Don't get me wrong. I love the internet. It is my life force. Then again, it is also my prison. It is probably the No. 1 reason why I feel disconnected to the people around me. And yes, that is "number one" spelled like "No. 1", which means it is officially legit. I could go on and on about the ways the internet has ruined my life and enslaved me (maybe in another blog?), but let me just ask you this: How often when you sit inside all day and look at mildly entertaining cat GIFs on the internet that make you chuckle for 12+ hours but then you go to bed at 3 AM and want to cry into your pillow about your life and how sad, unproductive, and miserable of a human being you are? And how often when you go out, spend time with friends and family, live life, see and experience new things, bask in the sun, and feel nature and society thriving around you do you feel alive and meaningful, even if you haven't necessarily done anything "productive," or maybe you have, you special little duckling?!? Which one really makes you energized to imagine epic possibilities and come up with new, original ideas that are like OH YEAH like the Kool Aid guy?? Yea. That's what I thought. Real life wins.



There is a lot of cool stuff on the internet, I know, but I think there is value in taking inspiration from real life and we tend to forget this. It is an important lesson to remember in an age where we can easily spend our entire day behind a screen and/or forget the real world exists outside our little dark box houses. Bee and PuppyCat has thus far failed to make me feel like it has much of a basis in real world humor (besides the crotch ice--that could totally happen to me, heh), which is why I think it bothers me.  It takes from what is already known in the internet culture. This speaks volumes in itself about society today in regards to how it functions in partnership with the internet, but I kind of want more out of it. Real life still exists. For now, anyway.

I have high hopes for it and will continue to watch Bee and PuppyCat to see what it becomes. But honestly, I hope this whole trend of random, "quirky," awkward humor I have been seeing in cartoons these days eventually moves on and just becomes a fad or a stepping stone in the progression of cartoons and comedy.
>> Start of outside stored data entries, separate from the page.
lemma curvature_y_line:
  "riem G (tension_curve G \<gamma> s) (velocity \<gamma> s) (velocity \<gamma> s) (\<gamma> s) =
     (m * (m' - m\<^sup>2 + (lam c)\<^sup>2 - 2 * eps * lam c - 3)) *\<^sub>R e3 s"
  using eps
  by (simp add: tension_y_line velocity_y_line riem_def vec_eq_iff forall_3 sum_3
      pd_christoffel_22_y_line pd2_christoffel_y_line christoffel_y_line)
    (simp add: shear_christoffel_diff_def shear_christoffel_def sum_3 shear_metric_inv_diff_def
      shear_metric_diff_diff_def shear_metric_inv_def shear_metric_diff_def Mframe_a_def Mframe_b_def
      Mframe_a_grad_def Mframe_b_grad_def axis_def, elim disjE, simp_all add: field_simps power2_eq_square)

lemma bitension_y_line:
  "cov_along G \<gamma> (cov_along G \<gamma> (tension_curve G \<gamma>)) s
     + riem G (tension_curve G \<gamma> s) (velocity \<gamma> s) (velocity \<gamma> s) (\<gamma> s)
   = (m * (m' - 2 * m\<^sup>2 - 4 * eps * lam c - 4)) *\<^sub>R e3 s"
proof -
  have "m * (m' - m\<^sup>2 + (lam c)\<^sup>2 - 2 * eps * lam c - 3) - m * ((lam c + eps)\<^sup>2 + m\<^sup>2)
      = m * (m' - 2 * m\<^sup>2 - 4 * eps * lam c - 4)"
    using eps by (auto simp: algebra_simps power2_eq_square)
  then show ?thesis
    by (simp add: cov2_tension_y_line curvature_y_line flip: scaleR_diff_left)
qed

lemma e3_nonzero: "e3 s \<noteq> 0"
  by (simp add: vec_eq_iff forall_3)

lemma geodesic_y_line_iff: "geodesic_curve G \<gamma> \<longleftrightarrow> m = 0"
  by (simp add: geodesic_curve_def tension_y_line e3_nonzero)

lemma biharmonic_y_line_iff: "biharmonic_curve G \<gamma> \<longleftrightarrow> m * (m' - 2 * m\<^sup>2 - 4 * eps * lam c - 4) = 0"
  by (simp add: biharmonic_curve_def bitension_y_line e3_nonzero)

lemma proper_biharmonic_y_line_iff:
  "proper_biharmonic_curve G \<gamma> \<longleftrightarrow> m \<noteq> 0 \<and> m' - 2 * m\<^sup>2 - 4 * eps * lam c - 4 = 0"
  by (auto simp: proper_biharmonic_curve_def geodesic_y_line_iff biharmonic_y_line_iff)

end

theorem proposition5p1:
  fixes I :: "real set" and lam f h :: "real \<Rightarrow> real" and eps b c :: real
  assumes "open I" and "is_interval I" and "I \<noteq> {}"
    and "smooth_on I lam" and "\<forall>z\<in>I. lam z > 0" and "\<not> (\<exists>k. \<forall>z\<in>I. lam z = k)"
    and "smooth_on I f" and "smooth_on I h"
    and "eps = 1 \<or> eps = -1"
    and "c \<in> I"
  shows "proper_biharmonic_curve (Mmetric lam f h eps) (\<lambda>s. vector [b, s, c])
    \<longleftrightarrow> deriv lam c \<noteq> 0
        \<and> lam c * deriv (deriv lam) c - 2 * (deriv lam c)^2 - 8 * (lam c)^2 * (1 + eps * lam c) = 0"
proof -
  interpret Mmetric_y_line I lam f h eps b c
    using assms by unfold_locales auto
  have pos: "lam c > 0"
    using assms by auto
  have "deriv (half_log_deriv lam) c = (lam c * deriv (deriv lam) c - (deriv lam c)\<^sup>2) / (2 * (lam c)\<^sup>2)"
    using assms by (intro DERIV_imp_deriv half_log_deriv_has_real_derivative) auto
  then have "deriv (half_log_deriv lam) c - 2 * (half_log_deriv lam c)\<^sup>2 - 4 * eps * lam c - 4
      = (lam c * deriv (deriv lam) c - 2 * (deriv lam c)\<^sup>2 - 8 * (lam c)\<^sup>2 * (1 + eps * lam c))
        / (2 * (lam c)\<^sup>2)"
    using pos by (simp add: half_log_deriv_def field_simps power2_eq_square)
  moreover have "half_log_deriv lam c \<noteq> 0 \<longleftrightarrow> deriv lam c \<noteq> 0"
    using pos by (simp add: half_log_deriv_def)
  ultimately show ?thesis
    using pos by (simp add: proper_biharmonic_y_line_iff)
qed

end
Especially because sometimes I feel that because of my exposure to it, I fall victim to it as well. In times of doubt I will reach into my "random box" for a joke that isn't actually that funny, it is just random and awkward with the illusion of being funny. I feel lazy when I do that. As someone who sometimes refers to herself as a kinda sorta comedy writer, I should do better than that.

For now, I am going to go back to my good ol' humor stemmed from pain, which we all know is the best.

Classic comedy gold right there. 

Ok, that is all the non--completely-self-absorbed writing you get for now! I have to get back to complaining about my privileged white girl problems, stat! Otherwise I will melt. Into cheese.

Mmmm cheese...

If you are offended about anything I just wrote in the post above... well... WHAT DO I KNOW I AM JUST CHEESE.




Look at me. Totally random. No better than Bee and PuppyCat once more. I even used the Calarts face. For shame.